A really common question we get from e-commerce website owners is this: “Do I have to worry about thin content on my ecommerce store?”.
Thin content (we’ll explain what it is shortly) can be a big issue for e-commerce sites, but as with everything in SEO the answer isn’t always so simple.
In this blog / video, we’ll explain what thin content is, what unique content is and why it’s important, whether or not thin content can perform and some top tips to help.
What is Thin Content?
Thin content refers to a webpage where either the A) length or B) quality of the content on the page is low.
typically when you’ve not put any content down, or your content is very short, or potentially even copied from a manufacturer’s site. But ultimately it comes down to content is just one ranking factor.

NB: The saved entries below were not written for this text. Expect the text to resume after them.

(* (Gronwall-type lemma.) Let $z\in C^{\beta\text{-Hol}}([-r,T],\mathbb{R}^d)$ and suppose there are constants $A,C>0$ such that for all $0\le s\le t\le T$, $$|||z|||_{\beta,[s,t]}\le A+C\big((t-s)^{1-\beta}+(t-s)^{\nu-\beta}|||\omega|||_{\nu,[s,t]}\big)\|z\|_{\infty,\beta,[s-r,t]}.$$ Let $\mu\in(0,\min\{\tfrac12,C\})$ and let $N(t,\omega)$ be the counting function of the stopping times associated with this $C$ and $\mu$. Then for all $t\in[0,T]$, $$\|z_t\|_{\infty,\beta,[-r,0]}\le(1-2\mu)^{-(N(t,\omega)+1)}\Big[\frac{A}{\mu}+\|z\|_{\infty,\beta,[-r,0]}\Big].$$
   Context: $\|\cdot\|$ is the Euclidean norm; $r,T>0$; $z_t(u)=z(t+u)$, $u\in[-r,0]$. For $0<\alpha\le1$: $|||z|||_{\alpha,[a,b]}=\sup_{a\le s<t\le b}\frac{\|z(t)-z(s)\|}{(t-s)^\alpha}$, $\|z\|_{\infty,\alpha,[a,b]}=\sup_{[a,b]}\|z\|+|||z|||_{\alpha,[a,b]}$, $C^{\alpha\text{-Hol}}$ the space where finite. Parameters: $\nu\in(\tfrac12,1]$, $\beta\in(0,\nu)$, $\omega\in C^{\nu\text{-Hol}}([0,T],\mathbb{R})$ with $\lim_{h\to0}\sup_{0\le s<t\le T,\,t-s\le h}\frac{|\omega(t)-\omega(s)|}{(t-s)^\nu}=0$. Stopping times: given $C>0$ and $\mu\in(0,C)$, $t_0=0$, $t_{i+1}=\sup\{t\in[t_i,T]: C[(t-t_i)^{1-\beta}+(t-t_i)^{\nu-\beta}|||\omega|||_{\nu,[t_i,t]}]\le\mu\}$; counting function $N(t,\omega):=\#\{i\ge1:t_i<t\}$. *)

theory Defs
  imports "HOL-Analysis.Analysis"
begin

definition holder_quot :: "real \<Rightarrow> (real \<Rightarrow> 'a::real_normed_vector) \<Rightarrow> real \<Rightarrow> real \<Rightarrow> real set" where
  "holder_quot \<alpha> z a b = {norm (z t - z s) / (t - s) powr \<alpha> | s t. a \<le> s \<and> s < t \<and> t \<le> b}"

Why is Thin Content an Issue For E-commerce?
E-commerce websites are typically very large websites. you might have hundreds, if not thousands, of pages, and 95% of those are going to be product pages.
You have your homepage, your content pages, your category, subcategory pages. Then, you’re going to have all of your product pages. So, when Google comes to crawl your site the majority of what it’s going to be crawling is product pages. It’s a big investment to write unique content on each one of those product pages. It is important from an SEO point of view.

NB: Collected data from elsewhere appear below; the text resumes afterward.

(* Let $r$ be a parameter and let $H=(h_{n,k})_{n,k\ge0}$ be the exponential Riordan array $\left[e^x,x(1+rx/2)\right]$ (its $h$-matrix is $H$ itself). Let $\Gamma=(\gamma_{n,k})$ be its $\gamma$-matrix, and let $eF_r=H\cdot[e^x,x]$ be its $f$-matrix. Then, with ordinary generating functions $\sum_{n,k}a_{n,k}x^ny^k$: (i) the ordinary generating function of $\Gamma$ is $\mathcal{J}(1,1,1,\ldots;\, ry,2ry,3ry,\ldots)$; (ii) the ordinary generating function of $H$ is $\mathcal{J}(y+1,y+1,y+1,\ldots;\, ry,2ry,3ry,\ldots)$; (iii) the ordinary generating function of the reversal of $eF_r$ (the matrix with $(n,k)$ entry equal to the $(n,n-k)$ entry of $eF_r$) is $\mathcal{J}(2y+1,2y+1,2y+1,\ldots;\, ry(y+1),2ry(y+1),3ry(y+1),\ldots)$.
   Context: An exponential Riordan array $[g(x),f(x)]$ is the lower-triangular matrix $(a_{n,k})_{n,k\ge0}$ with $a_{n,k}=\frac{n!}{k!}[x^n]g(x)f(x)^k$, where $g(0)=1$, $f(0)=0$, $f'(0)=1$; $[e^x,x]$ is the binomial matrix $\left(\binom{n}{k}\right)$. The matrix $H=\left[e^x,x(1+rx/2)\right]$ is Pascal-like: $h_{n,0}=h_{n,n}=1$ and $h_{n,n-k}=h_{n,k}$. Its $\gamma$-matrix $\Gamma=(\gamma_{n,k})_{0\le k\le \lfloor n/2\rfloor}$ is defined by $\sum_{k=0}^n h_{n,k}y^k=\sum_{k=0}^{\lfloor n/2\rfloor}\gamma_{n,k}\,y^k(1+y)^{n-2k}$ for all $n\ge0$. The $f$-matrix of $H$ is the product $H\cdot[e^x,x]$. The notation $\mathcal{J}(\alpha_1,\alpha_2,\ldots;\beta_1,\beta_2,\ldots)$ denotes the Jacobi continued fraction $\cfrac{1}{1-\alpha_1x-\cfrac{\beta_1x^2}{1-\alpha_2x-\cfrac{\beta_2x^2}{1-\cdots}}}$, a formal power series in $x$. *)

theory Defs
  imports "HOL-Computational_Algebra.Computational_Algebra"
begin

text \<open>Infinite lower-triangular matrices are functions nat => nat => 'a.\<close>

definition exp_riordan :: "'a::field_char_0 fps \<Rightarrow> 'a fps \<Rightarrow> nat \<Rightarrow> nat \<Rightarrow> 'a" where
  "exp_riordan g f n k = fact n / fact k * fps_nth (g * f ^ k) n"

definition H_mat :: "'a::field_char_0 \<Rightarrow> nat \<Rightarrow> nat \<Rightarrow> 'a" where
  "H_mat r = exp_riordan (fps_exp 1) (fps_X * (1 + fps_const (r / 2) * fps_X))"

definition binom_mat :: "nat \<Rightarrow> nat \<Rightarrow> 'a::field_char_0" where
  "binom_mat = exp_riordan (fps_exp 1) fps_X"

text \<open>Product of lower-triangular matrices (the sum over j is finite since
  entry (n,j) vanishes for j > n).\<close>
definition mat_mult :: "(nat \<Rightarrow> nat \<Rightarrow> 'a::comm_ring_1) \<Rightarrow> (nat \<Rightarrow> nat \<Rightarrow> 'a) \<Rightarrow> nat \<Rightarrow> nat \<Rightarrow> 'a" where
  "mat_mult A B n k = (\<Sum>j\<le>n. A n j * B j k)"

definition rev_mat :: "(nat \<Rightarrow> nat \<Rightarrow> 'a::zero) \<Rightarrow> nat \<Rightarrow> nat \<Rightarrow> 'a" where
  "rev_mat A n k = (if k \<le> n then A n (n - k) else 0)"

definition gamma_mat :: "(nat \<Rightarrow> nat \<Rightarrow> 'a::comm_ring_1) \<Rightarrow> nat \<Rightarrow> nat \<Rightarrow> 'a" where
  "gamma_mat h = (THE \<gamma>. \<forall>n.
      (\<forall>k. n div 2 < k \<longrightarrow> \<gamma> n k = 0) \<and>
      (\<Sum>k\<le>n. monom (h n k) k) =
      (\<Sum>k\<le>n div 2. monom (\<gamma> n k) k * [:1, 1:] ^ (n - 2 * k)))"

text \<open>Ordinary generating function sum_{n,k} a(n,k) x^n y^k of a lower-triangular
  matrix, as a power series in x, with y specialised to a field element.\<close>
definition ogf :: "(nat \<Rightarrow> nat \<Rightarrow> 'a::comm_ring_1) \<Rightarrow> 'a \<Rightarrow> 'a fps" where
  "ogf A y = Abs_fps (\<lambda>n. \<Sum>k\<le>n. A n k * y ^ k)"

text \<open>Truncated Jacobi continued fraction: depth m, starting at level k
  (alpha and beta are indexed from 1).\<close>
fun jtail :: "(nat \<Rightarrow> 'a::field) \<Rightarrow> (nat \<Rightarrow> 'a) \<Rightarrow> nat \<Rightarrow> nat \<Rightarrow> 'a fps" where
  "jtail \<alpha> \<beta> 0 k = 1"
| "jtail \<alpha> \<beta> (Suc m) k =
     inverse (1 - fps_const (\<alpha> k) * fps_X - fps_const (\<beta> k) * fps_X ^ 2 * jtail \<alpha> \<beta> m (Suc k))"

definition jfrac :: "(nat \<Rightarrow> 'a::field) \<Rightarrow> (nat \<Rightarrow> 'a) \<Rightarrow> 'a fps" where
  "jfrac \<alpha> \<beta> = (THE F. \<forall>n. \<exists>M. \<forall>m\<ge>M. fps_nth (jtail \<alpha> \<beta> m 1) n = fps_nth F n)"

end

theory Submission
  imports Defs
begin

(*
  Since h(n,k) = n!/k! [x^n] e^x (x (1 + r x/2))^k, the homogenised row polynomials
  sum_k h(n,k) s^k t^(n-k) have exponential generating function exp((s+t) x + r s t x^2/2):
  they are the moments mu_n(a, b) of a normal distribution with mean a = s + t and variance
  b = r s t, characterised by mu_(n+2) = a mu_(n+1) + (n+1) b mu_n.  By Flajolet's reading of
  Jacobi continued fractions as generating functions of weighted Motzkin paths, mu_n(a, b) is
  the n-th coefficient of J(a, a, ...; b, 2b, 3b, ...).  Part (ii) is the case s = y, t = 1,
  and since the reversed f-matrix has row polynomials sum_i h(n,i) (y+1)^i y^(n-i), part (iii)
  is the case s = y + 1, t = y.  Finally mu_n(a, b) = sum_k m(n,k) a^(n-2k) b^k, where m(n,k)
  counts the k-edge matchings of an n-set; with a = 1 + y and b = r y this shows
  gamma(n,k) = m(n,k) r^k, and part (i) is the case a = 1, b = r y.
*)

definition fps_eq_upto :: "nat \<Rightarrow> 'a::comm_ring_1 fps \<Rightarrow> 'a fps \<Rightarrow> bool" where
  "fps_eq_upto N f g \<longleftrightarrow> (\<forall>n<N. f $ n = g $ n)"

lemma fps_eq_upto_refl [simp]: "fps_eq_upto N f f"
  by (simp add: fps_eq_upto_def)

lemma fps_eq_upto_mono: "fps_eq_upto N f g \<Longrightarrow> M \<le> N \<Longrightarrow> fps_eq_upto M f g"
  by (auto simp: fps_eq_upto_def)

lemma fps_eq_upto_diff:
  "fps_eq_upto N f f' \<Longrightarrow> fps_eq_upto N g g' \<Longrightarrow> fps_eq_upto N (f - g) (f' - g')"
  by (auto simp: fps_eq_upto_def)

lemma fps_eq_upto_mult:
  "fps_eq_upto N f f' \<Longrightarrow> fps_eq_upto N g g' \<Longrightarrow> fps_eq_upto N (f * g) (f' * g')"
  unfolding fps_eq_upto_def fps_mult_nth by (auto intro!: sum.cong)

lemma fps_eq_upto_X_power_mult:
  "fps_eq_upto N f g \<Longrightarrow> fps_eq_upto (N + k) (fps_X ^ k * f) (fps_X ^ k * g)"
  by (auto simp: fps_eq_upto_def fps_X_power_mult_nth)

lemma fps_eq_upto_inverse:
  fixes f g :: "'a::field fps"
  assumes fg: "fps_eq_upto N f g" and f0: "f $ 0 \<noteq> 0"
  shows "fps_eq_upto N (inverse f) (inverse g)"
proof (cases "N = 0")
  case False
  then have g0: "g $ 0 = f $ 0"
    using fg by (auto simp: fps_eq_upto_def)
  have "inverse f - inverse g = inverse f * (g - f) * inverse g"
    using f0 g0 by (simp add: algebra_simps inverse_mult_eq_1 inverse_mult_eq_1')
  moreover have "fps_eq_upto N (inverse f * (g - f) * inverse g) (inverse f * 0 * inverse g)"
    using fg by (intro fps_eq_upto_mult) (auto simp: fps_eq_upto_def)
  ultimately have "fps_eq_upto N (inverse f - inverse g) 0"
    by simp
  then show ?thesis
    by (simp add: fps_eq_upto_def)
qed (simp add: fps_eq_upto_def)

lemma fps_eq_upto_compose_sum:
  fixes f g :: "'a::comm_ring_1 fps"
  assumes "g $ 0 = 0"
  shows "fps_eq_upto (Suc n) (f oo g) (\<Sum>i\<le>n. fps_const (f $ i) * g ^ i)"
  unfolding fps_eq_upto_def
proof (intro allI impI)
  fix j assume "j < Suc n"
  have "(\<Sum>i\<le>n. fps_const (f $ i) * g ^ i) $ j = (\<Sum>i\<le>n. f $ i * (g ^ i) $ j)"
    by (simp add: fps_sum_nth)
  also have "\<dots> = (\<Sum>i=0..j. f $ i * (g ^ i) $ j)"
    using \<open>j < Suc n\<close> startsby_zero_power_prefix[OF assms]
    by (intro sum.mono_neutral_right) auto
  finally show "(f oo g) $ j = (\<Sum>i\<le>n. fps_const (f $ i) * g ^ i) $ j"
    by (simp add: fps_compose_nth)
qed

section \<open>Jacobi continued fractions\<close>

definition jfrac_step :: "(nat \<Rightarrow> 'a::field) \<Rightarrow> (nat \<Rightarrow> 'a) \<Rightarrow> nat \<Rightarrow> 'a fps \<Rightarrow> 'a fps" where
  "jfrac_step \<alpha> \<beta> k F =
     inverse (1 - fps_const (\<alpha> k) * fps_X - fps_const (\<beta> k) * fps_X ^ 2 * F)"

lemma jtail_Suc_eq_jfrac_step: "jtail \<alpha> \<beta> (Suc m) k = jfrac_step \<alpha> \<beta> k (jtail \<alpha> \<beta> m (Suc k))"
  by (simp add: jfrac_step_def)

declare jtail.simps(2) [simp del]

lemma jfrac_step_denominator_nth_0:
  fixes \<alpha> \<beta> :: "nat \<Rightarrow> 'a::field"
  shows "(1 - fps_const (\<alpha> k) * fps_X - fps_const (\<beta> k) * fps_X ^ 2 * F) $ 0 = 1"
  by (simp add: fps_X_power_mult_nth power2_eq_square mult.assoc)

lemma fps_eq_upto_jfrac_step:
  assumes "fps_eq_upto N F G"
  shows "fps_eq_upto (N + 2) (jfrac_step \<alpha> \<beta> k F) (jfrac_step \<alpha> \<beta> k G)"
proof -
  have "fps_eq_upto (N + 2) (fps_const (\<beta> k) * (fps_X ^ 2 * F)) (fps_const (\<beta> k) * (fps_X ^ 2 * G))"
    using assms by (intro fps_eq_upto_mult fps_eq_upto_X_power_mult) auto
  then show ?thesis
    unfolding jfrac_step_def
    by (intro fps_eq_upto_inverse fps_eq_upto_diff)
       (auto simp: mult.assoc jfrac_step_denominator_nth_0)
qed

lemma fps_eq_upto_jtail:
  "m \<le> m' \<Longrightarrow> fps_eq_upto m (jtail \<alpha> \<beta> m k) (jtail \<alpha> \<beta> m' k)"
proof (induction m arbitrary: k m')
  case (Suc m)
  then obtain m'' where m': "m' = Suc m''" "m \<le> m''"
    by (cases m') auto
  with Suc.IH have "fps_eq_upto (m + 2) (jfrac_step \<alpha> \<beta> k (jtail \<alpha> \<beta> m (Suc k)))
      (jfrac_step \<alpha> \<beta> k (jtail \<alpha> \<beta> m'' (Suc k)))"
    by (intro fps_eq_upto_jfrac_step) auto
  then show ?case
    unfolding m' jtail_Suc_eq_jfrac_step by (rule fps_eq_upto_mono) simp
qed (simp add: fps_eq_upto_def)

text \<open>The continued fraction from level \<open>k\<close> on; its \<open>n\<close>-th coefficient is already
  fixed by the truncation of depth \<open>n + 1\<close>.\<close>
definition jfrac_tail :: "(nat \<Rightarrow> 'a::field) \<Rightarrow> (nat \<Rightarrow> 'a) \<Rightarrow> nat \<Rightarrow> 'a fps" where
  "jfrac_tail \<alpha> \<beta> k = Abs_fps (\<lambda>n. jtail \<alpha> \<beta> (Suc n) k $ n)"

lemma fps_eq_upto_jfrac_tail: "fps_eq_upto m (jfrac_tail \<alpha> \<beta> k) (jtail \<alpha> \<beta> m k)"
  unfolding fps_eq_upto_def jfrac_tail_def
  using fps_eq_upto_jtail[of "Suc _" m \<alpha> \<beta> k] by (auto simp: fps_eq_upto_def)

lemma jfrac_eq_jfrac_tail: "jfrac \<alpha> \<beta> = jfrac_tail \<alpha> \<beta> 1"
  unfolding jfrac_def
proof (rule the_equality)
  show "\<forall>n. \<exists>M. \<forall>m\<ge>M. jtail \<alpha> \<beta> m 1 $ n = jfrac_tail \<alpha> \<beta> 1 $ n"
    using fps_eq_upto_jfrac_tail[of _ \<alpha> \<beta> 1] by (metis Suc_le_eq fps_eq_upto_def)
next
  fix F assume F: "\<forall>n. \<exists>M. \<forall>m\<ge>M. jtail \<alpha> \<beta> m 1 $ n = F $ n"
  show "F = jfrac_tail \<alpha> \<beta> 1"
  proof (rule fps_ext)
    fix n
    obtain M where "\<forall>m\<ge>M. jtail \<alpha> \<beta> m 1 $ n = F $ n"
      using F by blast
    then show "F $ n = jfrac_tail \<alpha> \<beta> 1 $ n"
      using fps_eq_upto_jfrac_tail[of "max M (Suc n)" \<alpha> \<beta> 1] by (simp add: fps_eq_upto_def)
  qed
qed

lemma jfrac_tail_nth_0: "jfrac_tail \<alpha> \<beta> k $ 0 = 1"
  by (simp add: jfrac_tail_def jtail_Suc_eq_jfrac_step jfrac_step_def jfrac_step_denominator_nth_0)

lemma jfrac_tail_eq_step: "jfrac_tail \<alpha> \<beta> k = jfrac_step \<alpha> \<beta> k (jfrac_tail \<alpha> \<beta> (Suc k))"
proof (rule fps_ext)
  fix n
  have "fps_eq_upto (n + 2) (jfrac_step \<alpha> \<beta> k (jfrac_tail \<alpha> \<beta> (Suc k))) (jtail \<alpha> \<beta> (Suc n) k)"
    unfolding jtail_Suc_eq_jfrac_step by (intro fps_eq_upto_jfrac_step fps_eq_upto_jfrac_tail)
  with fps_eq_upto_jfrac_tail[of "Suc n" \<alpha> \<beta> k]
  show "jfrac_tail \<alpha> \<beta> k $ n = jfrac_step \<alpha> \<beta> k (jfrac_tail \<alpha> \<beta> (Suc k)) $ n"
    by (simp add: fps_eq_upto_def)
qed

Why Unique Content is Important?
First off, one of the things that we will say outright is having worked on a lot of eCommerce sites before, those that perform better than others, especially from a small business point of view, are those with unique content. They’ve put in the time and effort to write it.
Can Thin Content Rank?
There are 200 ranking factors, and you can have thin content and you can rank if all your other ranking factors are doing really well. So if you’ve got great links, great technical SEO, a great reputation, then you can rank.
If you’re a small business and you don’t have those things going in your favour then you need to pick up your wings where you can. So, making sure that you’ve got unique content on those product pages is going to give you those wings.
It is a long process but you can just work on your products within your key categories first. You do want to think if Google was coming to your website, and 90% of what’s there, your product pages, have got thin content that’s going to look poorly, it’s going to look poorly across your whole site. So, you do want to think about the impact that’s having.
Content Best Practice Tip
My recommendation is to try and stagger any amount of products you’ve got on your website. Don’t try and have thousands upon thousands straight away because that is just going to give you just this terrible thin content issue.
Maybe put a hundred up, and then maybe another hundred, so you’ve got a smaller website and you can manage those and add unique content to them as you go rather than putting them all live at once and suddenly you’ve got thousands of pages with no good content, and that is going to really not help your SEO in any way.